CREATE OR REPLACE VIEW your_user.all_tables AS
SELECT owner,table_name,
    CASE
        WHEN partitioned = 'YES' THEN
            (
                COALESCE
                (
                    (
                        SELECT MAX(tablespace_name)
                        FROM all_tab_partitions
                        WHERE all_tab_partitions.table_owner = all_tables.owner
                            AND all_tab_partitions.table_name = all_tables.table_name
                    ),
                    (
                        SELECT MAX(tablespace_name)
                        FROM all_tab_subpartitions
                        WHERE all_tab_subpartitions.table_owner = all_tables.owner
                            AND all_tab_subpartitions.table_name = all_tables.table_name
                    ),
                    all_tables.tablespace_name
                )
            )
        ELSE
            tablespace_name
    END tablespace_name,
 cluster_name,iot_name,status,pct_free,pct_used,ini_trans,max_trans,initial_extent,next_extent,min_extents,max_extents,pct_increase,freelists,freelist_groups,logging,backed_up,num_rows,blocks,empty_blocks,avg_space,chain_cnt,avg_row_len,avg_space_freelist_blocks,num_freelist_blocks,degree,instances,cache,table_lock,sample_size,last_analyzed,partitioned,iot_type,temporary,secondary,nested,buffer_pool,flash_cache,cell_flash_cache,row_movement,global_stats,user_stats,duration,skip_corrupt,monitoring,cluster_owner,dependencies,compression,compress_for,dropped,read_only,segment_created,result_cache,clustering,activity_tracking,dml_timestamp,has_identity,container_data,inmemory,inmemory_priority,inmemory_distribute,inmemory_compression,inmemory_duplicate,default_collation,duplicated,sharded,external,hybrid,cellmemory,containers_default,container_map,extended_data_link,extended_data_link_map,inmemory_service,inmemory_service_name,container_map_object,memoptimize_read,memoptimize_write,has_sensitive_column,admit_null,data_link_dml_enabled,logical_replication
FROM sys.all_tables;

And the above column list is only accurate for one version of Oracle.
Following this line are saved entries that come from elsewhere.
lemma window_eq_Suc_iff:
  assumes antidiff: "\<forall>j<t. \<forall>u<r. (S (Suc u mod r) j \<noteq> S u j) \<longleftrightarrow> A u j"
    and "p < r" "0 < t"
  shows "window_eq r t (\<lambda>u j. S u j \<noteq> y j) p q (Suc n) m M \<longleftrightarrow>
           window_eq r t A p q n m (vdiff M) \<and>
           (\<forall>v<m. y ((q + v) mod t) \<longleftrightarrow> M 0 v \<noteq> S p ((q + v) mod t))"
proof -
  have column: "(\<forall>u<Suc n. (S ((p + u) mod r) j \<noteq> y j) = M u v) \<longleftrightarrow>
      (\<forall>u<n. A ((p + u) mod r) j = vdiff M u v) \<and> (y j \<longleftrightarrow> M 0 v \<noteq> S p j)"
    if "j < t" for j v
  proof -
    have "bdiff (\<lambda>u. S ((p + u) mod r) j \<noteq> y j) u = A ((p + u) mod r) j" for u
    proof -
      have "(p + u) mod r < r"
        using \<open>p < r\<close> by simp
      then have "(S (Suc ((p + u) mod r) mod r) j \<noteq> S ((p + u) mod r) j) \<longleftrightarrow> A ((p + u) mod r) j"
        using antidiff that by blast
      then show ?thesis
        by (auto simp: bdiff_def mod_Suc_eq)
    qed
    then show ?thesis
      unfolding eq_upto_Suc_iff_bdiff[where g = "\<lambda>u. M u v"]
      using \<open>p < r\<close> by (auto simp: bdiff_def vdiff_def)
  qed
  have "window_eq r t (\<lambda>u j. S u j \<noteq> y j) p q (Suc n) m M \<longleftrightarrow>
      (\<forall>v<m. \<forall>u<Suc n. (S ((p + u) mod r) ((q + v) mod t) \<noteq> y ((q + v) mod t)) = M u v)"
    unfolding window_eq_def by blast
  also have "\<dots> \<longleftrightarrow> (\<forall>v<m. (\<forall>u<n. A ((p + u) mod r) ((q + v) mod t) = vdiff M u v) \<and>
      (y ((q + v) mod t) \<longleftrightarrow> M 0 v \<noteq> S p ((q + v) mod t)))"
    using column \<open>0 < t\<close> by simp
  finally show ?thesis
    unfolding window_eq_def by blast
qed

lemma ex1_triple_iff:
  "(\<exists>!w. case w of (i, p, q) \<Rightarrow> P i p q) \<longleftrightarrow>
     (\<exists>i p q. P i p q \<and> (\<forall>i' p' q'. P i' p' q' \<longrightarrow> i' = i \<and> p' = p \<and> q' = q))"
  by (auto 0 4 simp: Ex1_def split: prod.splits)

lemma ex1_mixed_radix_index:
  fixes k N :: nat
  assumes ex1: "\<exists>!w. case w of (i, p, q) \<Rightarrow> i < k \<and> P i p q"
    and ex1_digit: "\<And>i p q. i < k \<Longrightarrow> P i p q \<Longrightarrow> \<exists>!a. a < N \<and> Q i p q a"
  shows "\<exists>!w. case w of (I, p, q) \<Rightarrow> I < N * k \<and> P (I mod k) p q \<and> Q (I mod k) p q (I div k)"
proof -
  obtain i p q where ipq: "i < k" "P i p q"
    and uniq_ipq: "\<And>i' p' q'. i' < k \<Longrightarrow> P i' p' q' \<Longrightarrow> i' = i \<and> p' = p \<and> q' = q"
    using ex1 unfolding ex1_triple_iff by meson
  obtain a where a: "a < N" "Q i p q a" and uniq_a: "\<And>b. b < N \<Longrightarrow> Q i p q b \<Longrightarrow> b = a"
    using ex1_digit[OF ipq] by blast
  have index: "I < N * k \<longleftrightarrow> I div k < N" for I
    using ipq(1) by (simp add: div_less_iff_less_mult)
  let ?I = "i + k * a"
  have I: "?I mod k = i" "?I div k = a"
    using ipq(1) by simp_all
  show ?thesis
    unfolding ex1_triple_iff
  proof (intro exI[of _ ?I] exI[of _ p] exI[of _ q] conjI allI impI)
    show "?I < N * k"
      unfolding index I using a(1) .
    show "P (?I mod k) p q" "Q (?I mod k) p q (?I div k)"
      unfolding I using ipq(2) a(2) .
    fix I' p' q'
    assume I': "I' < N * k \<and> P (I' mod k) p' q' \<and> Q (I' mod k) p' q' (I' div k)"
    then have "I' mod k = i" "p' = p" "q' = q"
      using uniq_ipq[of "I' mod k" p' q'] ipq(1) by simp_all
    moreover have "I' div k = a"
      using uniq_a I' index calculation by simp
    ultimately show "I' = ?I" "p' = p" "q' = q"
      by (metis div_mult_mod_eq add.commute mult.commute)+
  qed
qed
lemma is_DBAC_Suc:
  assumes dbac: "is_DBAC r t n m k A" and Y: "window_complete t m N Y"
    and antidiff: "\<forall>i<k. \<forall>j<t. \<forall>u<r. (S i (Suc u mod r) j \<noteq> S i u j) \<longleftrightarrow> A i u j"
  shows "is_DBAC r t (Suc n) m (N * k) (\<lambda>I u j. S (I mod k) u j \<noteq> Y (I div k) j)"
  unfolding is_DBAC_def
proof
  fix M
  obtain i p q where "i < k" "q < t"
    using dbac unfolding is_DBAC_def ex1_triple_iff by blast
  then have "0 < k" "0 < t"
    by simp_all
  let ?P = "\<lambda>i p q. p < r \<and> q < t \<and> window_eq r t (A i) p q n m (vdiff M)"
  let ?Q = "\<lambda>i p q a. \<forall>v<m. Y a ((q + v) mod t) \<longleftrightarrow> M 0 v \<noteq> S i p ((q + v) mod t)"
  have ex1: "\<exists>!w. case w of (I, p, q) \<Rightarrow> I < N * k \<and> ?P (I mod k) p q \<and> ?Q (I mod k) p q (I div k)"
  proof (rule ex1_mixed_radix_index)
    show "\<exists>!w. case w of (i, p, q) \<Rightarrow> i < k \<and> ?P i p q"
      using dbac unfolding is_DBAC_def by simp
    show "\<exists>!a. a < N \<and> ?Q i p q a" for i p q
      using Y[unfolded window_complete_def, rule_format, of q "\<lambda>v. M 0 v \<noteq> S i p ((q + v) mod t)"] .
  qed
  have window: "window_eq r t (\<lambda>u j. S (I mod k) u j \<noteq> Y (I div k) j) p q (Suc n) m M \<longleftrightarrow>
      window_eq r t (A (I mod k)) p q n m (vdiff M) \<and> ?Q (I mod k) p q (I div k)"
    if "p < r" for I p q
    using antidiff \<open>0 < k\<close> by (intro window_eq_Suc_iff[OF _ that \<open>0 < t\<close>]) simp
  have conditions_iff: "(case w of (I, p, q) \<Rightarrow> I < N * k \<and> p < r \<and> q < t \<and>
      window_eq r t (\<lambda>u j. S (I mod k) u j \<noteq> Y (I div k) j) p q (Suc n) m M) \<longleftrightarrow>
    (case w of (I, p, q) \<Rightarrow> I < N * k \<and> ?P (I mod k) p q \<and> ?Q (I mod k) p q (I div k))" for w
    using window by (cases w) auto
  show "\<exists>!w. case w of (I, p, q) \<Rightarrow> I < N * k \<and> p < r \<and> q < t \<and>
      window_eq r t (\<lambda>u j. S (I mod k) u j \<noteq> Y (I div k) j) p q (Suc n) m M"
    unfolding conditions_iff by (rule ex1)
qed

theorem theorem10:
  fixes r n m k :: nat and A :: "nat \<Rightarrow> nat \<Rightarrow> nat \<Rightarrow> bool"
  assumes "0 < r" "0 < n" "0 < m" "0 < k"
    and "is_DBAC r (2 ^ m) n m k A"
    and "\<forall>i<k. \<forall>j<2 ^ m. least_period_is r (\<lambda>u. A i u j) r
                        \<and> even (hamming_weight r (\<lambda>u. A i u j))"
  shows "\<exists>B :: nat \<Rightarrow> nat \<Rightarrow> nat \<Rightarrow> bool. is_DBAC r (2 ^ m) (Suc n) m (2 ^ m * k) B"
proof -
  obtain Y where Y: "window_complete (2 ^ m) m (2 ^ m) Y"
    using window_complete_bdiff_null by blast
  define S where "S i u j \<longleftrightarrow> prefix_parity (\<lambda>u. A i u j) u" for i u j
  have "(S i (Suc u mod r) j \<noteq> S i u j) \<longleftrightarrow> A i u j" if "i < k" "j < 2 ^ m" "u < r" for i j u
    using prefix_parity_cyclic_bdiff[of r "\<lambda>u. A i u j" u] assms(6) that by (simp add: S_def)
  then show ?thesis
    using is_DBAC_Suc[OF assms(5) Y, of S] by blast
qed

end
lemma sem_logrel:
  assumes fin: "finite Q" "finite Q'" and f: "psurj Q Q' f" and "has_ty G t T"
    and "\<forall>i < length G. (e ! i, e' ! i) \<in> logrel f Q Q' (G ! i)"
  shows "(sem Q t e, sem Q' t e') \<in> logrel f Q Q' T"
  using assms(4,5)
proof (induction G t T arbitrary: e e' rule: has_ty.induct)
  case (has_ty_Var i G)
  then show ?case by simp
next
  case (has_ty_App G s T U t)
  then show ?case by fastforce
next
  case (has_ty_Lam T G t U)
  have R: "x \<in> dom Q V \<and> y \<in> dom Q' V" if "(x, y) \<in> logrel f Q Q' V" for x y V
    using psurj_memD[OF psurj_logrel[OF fin f] that] .
  have "\<forall>i < length G. e ! i \<in> dom Q (G ! i)" "\<forall>i < length G. e' ! i \<in> dom Q' (G ! i)"
    using has_ty_Lam.prems R by blast+
  then have "sem Q (Lam T t) e \<in> dom Q (Arr T U)" "sem Q' (Lam T t) e' \<in> dom Q' (Arr T U)"
    using sem_in_dom[OF has_ty.has_ty_Lam[OF has_ty_Lam.hyps]] fin by blast+
  moreover have "(app (sem Q (Lam T t) e) x, app (sem Q' (Lam T t) e') y) \<in> logrel f Q Q' U"
    if xy: "(x, y) \<in> logrel f Q Q' T" for x y
  proof -
    have "x \<in> dom Q T" "y \<in> dom Q' T"
      using xy R by blast+
    then have "app (sem Q (Lam T t) e) x = sem Q t (x # e)"
      "app (sem Q' (Lam T t) e') y = sem Q' t (y # e')"
      unfolding sem_Lam using fin by (simp_all add: app_graph_fn)
    moreover have "(sem Q t (x # e), sem Q' t (y # e')) \<in> logrel f Q Q' U"
      using has_ty_Lam.IH[of "x # e" "y # e'"] has_ty_Lam.prems xy
      by (auto simp: nth_Cons split: nat.split)
    ultimately show ?thesis
      by simp
  qed
  ultimately show ?case
    by simp
qed

section \<open>Regular languages\<close>

lemma has_ty_some_rep: "C \<in> Terms A \<Longrightarrow> has_ty [] (SOME t. t \<in> C) A"
proof -
  assume "C \<in> Terms A"
  then obtain a where a: "a \<in> LamRaw A" "C = conv A `` {a}"
    unfolding Terms_def by (auto elim: quotientE)
  then have "a \<in> C"
    unfolding conv_def by auto
  then have "(SOME t. t \<in> C) \<in> C"
    by (rule someI)
  moreover have "C \<subseteq> LamRaw A"
    using a(2) unfolding conv_def by auto
  ultimately show ?thesis
    unfolding LamRaw_def by auto
qed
You'll want to generate your own list with a query like the one below. And don't forget to update the view if you upgrade the database.

-- Generate the list of columns for your version of Oracle:
SELECT LISTAGG(column_name, ',') WITHIN GROUP (ORDER BY column_id) column_list
FROM dba_tab_columns
WHERE table_name = 'ALL_TABLES' AND owner = 'SYS';

Despite all the pitfalls, there are times when it's necessary to override the data dictionary like this. I've done this before in production for an unsupported application.